This is a variation of an issue discussed on other threads, but I’ve not seen a solution, and my environment is a bit different as well.
I have a system with two M2070s and an on-board (non-nvidia) video adapter. There is no X server / GDM running. There are no monitors plugged into the M2070s.
Nvidia Driver: 280.13
Cuda Toolkit: 4.0.17
SDK: 4.0.17
Distro: RHEL 6.1
If I run a simple array copy test kernel, and specify cudaSetDevice(0); it seg faults. If I use cudaSetDevice(1) (or actually, any value >1) it runs fine. That seems to indicate that cudaSetDevice is using different identifiers than what is returned by nvidia-smi -L which gives:
GPU 0: Tesla M2070
GPU 1: Tesla M2070
It seems extremely non-intuitive, and not correct that cudaSetDevice would behave this way. Additionally, code examples compiled with no GPU set (and therefor running on GPU 0), as well as those which choose and set the GPU, such as the SDK matrixMul, either seg fault when cudaMalloc is called, or fail with “all CUDA-capable devices are busy or unavailable” such as:
Example:
[ matrixMul ]
/usr/local/NVIDIA_GPU_Computing_SDK/C/bin/linux/release/matrixMul Starting (CUDA and CUBLAS tests)...
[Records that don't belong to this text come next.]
(* Let $\phi$ and $\psi$ be linear formulae on variable sets $\mathcal{V}_1$ and $\mathcal{V}_2$ respectively, and let $\mathsf r:\phi\to\psi$ be a linear inference. Then there is a linear inference $\mathsf r':\phi'\to\psi'$ with $\phi'$ and $\psi'$ linear formulae on $\mathcal{V}_1\cap\mathcal{V}_2$ such that $\mathsf r$ is $\{\mathsf{s},\mathsf{m},\mathsf r'\}$-derivable with units.
   Context: Fix a countably infinite set of variables. Linear formulae on a finite set $\mathcal{V}$ of variables are defined inductively: - $\top,\bot$ are linear formulae on $\emptyset$. - $x$ and $\neg x$ are linear formulae on $\{x\}$. - If $\phi$ is on $\mathcal{V}_1$, $\psi$ is on $\mathcal{V}_2$ and $\mathcal{V}_1\cap\mathcal{V}_2=\emptyset$, then $\phi\lor\psi$ and $\phi\land\psi$ are on $\mathcal{V}_1\cup\mathcal{V}_2$. Formulae are evaluated under Boolean assignments as usual. A linear inference $\phi\to\psi$ is a pair of linear formulae (possibly on different variable sets) such that every assignment satisfying $\phi$ satisfies $\psi$. A congruence is an equivalence relation closed under $\land$- and $\lor$-contexts on either side. - $\sim_{\mathsf{ac}}$ is the smallest congruence containing commutativity and associativity of $\land,\lor$. - $\sim_{\mathsf{u}}$ is the smallest congruence containing $\phi\land\top\sim\phi$, $\top\land\phi\sim\phi$, $\phi\lor\bot\sim\phi$, $\bot\lor\phi\sim\phi$, $\phi\land\bot\sim\bot$, $\bot\land\phi\sim\bot$, $\phi\lor\top\sim\top$, $\top\lor\phi\sim\top$. - $\sim_{\mathsf{acu}}$ is the smallest congruence containing both. For a set $S$ of linear inferences, $\to_S$ is the smallest relation containing $S$ and closed under substitution (of linear formulae for variables, keeping linearity) and contexts. Write $\phi\rightsquigarrow_{S\mathsf u}\psi$ if $\phi\sim_{\mathsf{acu}}\phi'\to_S\psi'\sim_{\mathsf{acu}}\psi$ for some $\phi',\psi'$. An inference $\phi\to\psi$ is $S$-derivable with units if $\phi,\psi$ are related by the reflexive-transitive closure of $\rightsquigarrow_{S\mathsf u}\cup\sim_{\mathsf{acu}}$. Switch $\mathsf{s}$ is $x\land(y\lor z)\to(x\land y)\lor z$; medial $\mathsf{m}$ is $(w\land x)\lor(y\land z)\to(w\lor y)\land(x\lor z)$. *)

theory Defs
  imports Main
begin
(* Let $U=\{(x_1,x_2,p_1,p_2)\in\mathbb R^2\times(\mathbb R^2\setminus\{0\}) : x_1p_1+x_2p_2\neq 0\}$, and on $U$ define $\bar D=x_1p_1+x_2p_2$, $\bar J^0=x_1p_2-x_2p_1$, $\bar J^1=-x_2\sqrt{p_1^2+p_2^2}$, $\bar J^2=x_1\sqrt{p_1^2+p_2^2}$. For real constants $a,b,c$ let $$\bar H_{a,b,c}=\operatorname{sign}(\bar D)\,\big(\bar D+a\bar J^0+b\bar J^1+c\bar J^2\big).$$ Then $\bar H_{a,b,c}$ is bounded from below on $U$ if and only if $a=b=c=0$; in that case $\bar H_{0,0,0}=|\bar D|\ge 0$.
   Context: Here $(x_1,x_2,p_1,p_2)$ are coordinates on the physical phase space of the (group-completed) metric-torus sector of 2+1 gravity, and the functions $\bar D$, $\bar J^\mu$ are the projections of the dilatation and Lorentz generators; the functions $\bar H_{a,b,c}$ are the candidate Hamiltonians generating future-directed time evolution along the constant-mean-curvature surfaces. The set $U$ corresponds to the (non-static) physical phase space, on which $\bar D\neq 0$. *)

theory Defs
  imports Complex_Main
begin

definition U :: "(real \<times> real \<times> real \<times> real) set" where
  "U = {(x1, x2, p1, p2). (p1, p2) \<noteq> (0, 0) \<and> x1 * p1 + x2 * p2 \<noteq> 0}"

definition Dbar :: "real \<Rightarrow> real \<Rightarrow> real \<Rightarrow> real \<Rightarrow> real" where
  "Dbar x1 x2 p1 p2 = x1 * p1 + x2 * p2"

definition J0bar :: "real \<Rightarrow> real \<Rightarrow> real \<Rightarrow> real \<Rightarrow> real" where
  "J0bar x1 x2 p1 p2 = x1 * p2 - x2 * p1"

definition J1bar :: "real \<Rightarrow> real \<Rightarrow> real \<Rightarrow> real \<Rightarrow> real" where
  "J1bar x1 x2 p1 p2 = - x2 * sqrt (p1^2 + p2^2)"

definition J2bar :: "real \<Rightarrow> real \<Rightarrow> real \<Rightarrow> real \<Rightarrow> real" where
  "J2bar x1 x2 p1 p2 = x1 * sqrt (p1^2 + p2^2)"

definition Hbar :: "real \<Rightarrow> real \<Rightarrow> real \<Rightarrow> real \<times> real \<times> real \<times> real \<Rightarrow> real" where
  "Hbar a b c z = (case z of (x1, x2, p1, p2) \<Rightarrow>
     sgn (Dbar x1 x2 p1 p2) *
       (Dbar x1 x2 p1 p2 + a * J0bar x1 x2 p1 p2 + b * J1bar x1 x2 p1 p2 + c * J2bar x1 x2 p1 p2))"

end

theory Submission
  imports Defs
begin

text \<open>Along the lines (1, t, 1, 0), (-1, t, -1, 0) and (t, 1, 0, 1), all contained in U with
  \<open>\<bar>Dbar\<bar> = 1\<close>, the Hamiltonian is affine in t with slopes -(a + b), a - b and a + c.
  An affine function bounded below has zero slope, which forces a = b = c = 0; conversely
  \<open>Hbar 0 0 0 = \<bar>Dbar\<bar>\<close>.\<close>

lemma affine_bdd_below_imp_slope_zero:
  fixes \<alpha> \<beta> :: "'a :: linordered_field"
  assumes "bdd_below (range (\<lambda>t. \<alpha> + \<beta> * t))"
  shows "\<beta> = 0"
proof (rule ccontr)
  assume "\<beta> \<noteq> 0"
  from assms obtain M where "\<And>t. M \<le> \<alpha> + \<beta> * t"
    by (auto simp: bdd_below_def)
  then have "M \<le> \<alpha> + \<beta> * ((M - 1 - \<alpha>) / \<beta>)" .
  with \<open>\<beta> \<noteq> 0\<close> show False by simp
qed

lemma Hbar_000: "Hbar 0 0 0 (x1, x2, p1, p2) = \<bar>Dbar x1 x2 p1 p2\<bar>"
  by (simp add: Hbar_def sgn_mult_abs abs_sgn)

lemma Hbar_line1: "Hbar a b c (1, t, 1, 0) = (1 + c) + (- (a + b)) * t"
  and Hbar_line2: "Hbar a b c (-1, t, -1, 0) = (1 - c) + (a - b) * t"
  and Hbar_line3: "Hbar a b c (t, 1, 0, 1) = (1 - b) + (a + c) * t"
  by (simp_all add: Hbar_def Dbar_def J0bar_def J1bar_def J2bar_def algebra_simps)

lemma lines_subset_U:
  "range (\<lambda>t. (1, t, 1, 0)) \<subseteq> U"
  "range (\<lambda>t. (-1, t, -1, 0)) \<subseteq> U"
  "range (\<lambda>t. (t, 1, 0, 1)) \<subseteq> U"
  by (auto simp: U_def)

lemma bdd_below_Hbar_imp_zero:
  assumes bdd: "bdd_below (Hbar a b c ` U)"
  shows "a = 0 \<and> b = 0 \<and> c = 0"
proof -
  have slope_zero: "\<beta> = 0"
    if "range \<gamma> \<subseteq> U" and "\<And>t. Hbar a b c (\<gamma> t) = \<alpha> + \<beta> * t" for \<gamma> and \<alpha> \<beta> :: real
  proof (rule affine_bdd_below_imp_slope_zero)
    have "range (\<lambda>t. \<alpha> + \<beta> * t) = Hbar a b c ` range \<gamma>"
      by (simp add: image_image that(2))
    also have "\<dots> \<subseteq> Hbar a b c ` U"
      using that(1) by (rule image_mono)
    finally show "bdd_below (range (\<lambda>t. \<alpha> + \<beta> * t))"
      using bdd by (rule bdd_below_mono[rotated])
  qed
  have "- (a + b) = 0" by (rule slope_zero[OF lines_subset_U(1) Hbar_line1])
  moreover have "a - b = 0" by (rule slope_zero[OF lines_subset_U(2) Hbar_line2])
  moreover have "a + c = 0" by (rule slope_zero[OF lines_subset_U(3) Hbar_line3])
  ultimately show ?thesis by linarith
qed

lemma bdd_below_Hbar_000: "bdd_below (Hbar 0 0 0 ` U)"
  by (rule bdd_belowI[where m = 0]) (auto simp: Hbar_000)

theorem mainTheorem2:
  fixes a b c :: real
  shows "(bdd_below (Hbar a b c ` U) \<longleftrightarrow> (a = 0 \<and> b = 0 \<and> c = 0))
         \<and> (\<forall>x1 x2 p1 p2. (x1, x2, p1, p2) \<in> U \<longrightarrow>
              Hbar 0 0 0 (x1, x2, p1, p2) = \<bar>Dbar x1 x2 p1 p2\<bar>
              \<and> Hbar 0 0 0 (x1, x2, p1, p2) \<ge> 0)"
  using bdd_below_Hbar_imp_zero bdd_below_Hbar_000 by (auto simp: Hbar_000)

end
Device 0: "Tesla M2070" with Compute 2.0 capability
Using Matrix Sizes: A(640 x 960), B(640 x 640), C(640 x 960)
matrixMul.cu(151) : cudaSafeCall() Runtime API error 46: all CUDA-capable devices are busy or unavailable.
Driver
cat /proc/driver/nvidia/version
NVRM version: NVIDIA UNIX x86_64 Kernel Module 280.13 Wed Jul 27 16:53:56 PDT 2011
GCC version: gcc version 4.4.5 20110214 (Red Hat 4.4.5-6) (GCC)
The devices in /proc are:
cat /proc/driver/nvidia/gpus/0/information
Model: Tesla M2070
IRQ: 24
Video BIOS: ??.??.??.??.??
Card Type: PCI-E
DMA Size: 39 bits
DMA Mask: 0x7fffffffff
Bus Location: 0000:02.00.0
cat /proc/driver/nvidia/gpus/1/information
Model: Tesla M2070
IRQ: 30
Video BIOS: ??.??.??.??.??
Card Type: PCI-E
DMA Size: 39 bits
DMA Mask: 0x7fffffffff
Bus Location: 0000:03.00.0
So, that bottom line:
If nvidia-smi, and /proc, show the GPUs and 0 and 1, why do I have to specify 1 or 2 in cudaSetDevice() in order to choose a valid device? (Which also means many SDK examples fail to run as they default to device 0 when two identical devices are present.)
Any hints on how to straighten this out so that cudaSetDevice uses 0 and 1?
Thank you,
Pete